## MATERIAL PROVIDED:
lemma liquid_welfare_le:
  assumes y: "\<And>H. H \<subseteq> N \<Longrightarrow> sum y H \<le> g H"
  shows "(\<Sum>i\<in>N. lw_term n v \<rho> B i (y i)) \<le> (\<Sum>i\<in>N. lw_term n v \<rho> B i (x i))"
proof -
  define z where "z i = (if i \<le> n then min (y i) (B i / v i) else y i)" for i
  have "sum z P \<le> sum x P" if P: "initial_segment prec N P" for P
  proof -
    obtain U where U: "U \<subseteq> P" "tight U" "\<forall>k\<in>P - U. capped k"
      using initial_segment_tight_core[OF P] by blast
    have "P \<subseteq> N" "finite P"
      using P finite_subset unfolding initial_segment_def by auto
    have "sum z U \<le> sum y U"
      unfolding z_def by (intro sum_mono) auto
    also have "\<dots> \<le> g U"
      using y U(1) \<open>P \<subseteq> N\<close> by auto
    also have "\<dots> = sum x U"
      using U(2) unfolding tight_def by simp
    finally have "sum z U \<le> sum x U" .
    moreover have "sum z (P - U) \<le> sum x (P - U)"
      using U(3) unfolding capped_def z_def by (intro sum_mono) auto
    ultimately show ?thesis
      using \<open>finite P\<close> U(1) by (simp add: sum.subset_diff)
  qed
  then have "0 \<le> (\<Sum>i\<in>N. vmod n v \<rho> i * (x i - z i))"
    by (intro sum_mult_nonneg_if_initial_segments_nonneg[OF _ strict_linear_order_Hset] vmod_nonneg)
      (auto simp: Hset_def sum_subtractf)
  moreover have "lw_term n v \<rho> B i (y i) = vmod n v \<rho> i * z i" if "i \<in> N" for i
    using lw_term_eq[OF that] unfolding z_def by simp
  moreover have "lw_term n v \<rho> B i (x i) = vmod n v \<rho> i * x i" if "i \<in> N" for i
    using lw_term_eq[OF that] x_le_cap[of i] that by (auto simp: min_absorb1)
  ultimately show ?thesis
    by (simp add: right_diff_distrib sum_subtractf)
qed

lemma liquid_welfare_optimal:
  assumes "w' \<in> Pmod n m E0 fs"
  shows "(\<Sum>i\<in>N. lw_term n v \<rho> B i (sum w' (buyerE E {i}))) \<le> (\<Sum>i\<in>N. lw_term n v \<rho> B i (x i))"
proof (rule liquid_welfare_le[where y = "\<lambda>i. sum w' (buyerE E {i})"])
  fix H assume "H \<subseteq> N"
  then have "(\<Sum>i\<in>H. sum w' (buyerE E {i})) = sum w' (buyerE E H)"
    by (intro sum_buyerE) (meson finite_atLeastAtMost finite_subset)
  also have "\<dots> \<le> g H"
    using assms unfolding Pmod_eq_polymatroid
    by (rule polymatroid_sum_le) (auto simp: buyerE_def)
  finally show "(\<Sum>i\<in>H. sum w' (buyerE E {i})) \<le> g H" .
qed

end

theorem proposition2p1:
  fixes n m :: nat
    and E0 :: "(nat \<times> nat) set"
    and fs :: "nat \<Rightarrow> (nat \<times> nat) set \<Rightarrow> real"
    and v B \<rho> x :: "nat \<Rightarrow> real"
  assumes E0_sub: "E0 \<subseteq> {1..n} \<times> {1..m}"
    and f_empty: "\<forall>j\<in>{1..m}. fs j {} = 0"
    and f_nonneg: "\<forall>j\<in>{1..m}. \<forall>F. F \<subseteq> sellerE E0 j \<longrightarrow> 0 \<le> fs j F"
    and f_mono: "\<forall>j\<in>{1..m}. \<forall>F G. F \<subseteq> G \<and> G \<subseteq> sellerE E0 j \<longrightarrow> fs j F \<le> fs j G"
    and f_submod: "\<forall>j\<in>{1..m}. \<forall>F G. F \<subseteq> sellerE E0 j \<and> G \<subseteq> sellerE E0 j \<longrightarrow>
                      fs j (F \<union> G) + fs j (F \<inter> G) \<le> fs j F + fs j G"
    and v_pos: "\<forall>i\<in>{1..n}. 0 < v i"
    and B_nonneg: "\<forall>i\<in>{1..n}. 0 \<le> B i"
    and \<rho>_pos: "\<forall>j\<in>{1..m}. 0 < \<rho> j"
    and x_rec: "\<forall>i\<in>{1..n+m}. x i = xrhs n m E0 fs v \<rho> B x i"
  shows "(\<exists>w\<in>Pmod n m E0 fs.
            (\<forall>i\<in>{1..n+m}. sum w (buyerE (Emod n m E0) {i}) = x i) \<and>
            (\<Sum>i\<in>{1..n+m}. lw_term n v \<rho> B i (x i)) =
              (\<Sum>i\<in>{1..n+m}. lw_term n v \<rho> B i (sum w (buyerE (Emod n m E0) {i}))) \<and>
            (\<forall>w'\<in>Pmod n m E0 fs.
               (\<Sum>i\<in>{1..n+m}. lw_term n v \<rho> B i (sum w' (buyerE (Emod n m E0) {i})))
               \<le> (\<Sum>i\<in>{1..n+m}. lw_term n v \<rho> B i (x i))))
         \<and> sum x {1..n+m} = fmod n m E0 fs (buyerE (Emod n m E0) {1..n+m})"
proof -
  have "polymatroid_fun (sellerE E0 j) (fs j)" if "j \<in> {1..m}" for j
    using that f_empty f_mono f_submod by (intro polymatroid_funI) auto
  then interpret greedy_allocation n m E0 fs v B \<rho> x
    using E0_sub v_pos B_nonneg \<rho>_pos x_rec by unfold_locales auto
  obtain w where w: "w \<in> Pmod n m E0 fs" and fibres: "\<forall>i\<in>N. sum w (buyerE E {i}) = x i"
    using allocation_realizable by blast
  have "(\<Sum>i\<in>N. lw_term n v \<rho> B i (x i)) = (\<Sum>i\<in>N. lw_term n v \<rho> B i (sum w (buyerE E {i})))"
    using fibres by simp
  then show ?thesis
    using w fibres liquid_welfare_optimal sum_x_eq_supply by blast
qed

## WHAT TO DO:
Search the listing above for the string "assumes" and return each line it appears on.

## RESPONSE:
  assumes y: "\<And>H. H \<subseteq> N \<Longrightarrow> sum y H \<le> g H"
  assumes "w' \<in> Pmod n m E0 fs"
  assumes E0_sub: "E0 \<subseteq> {1..n} \<times> {1..m}"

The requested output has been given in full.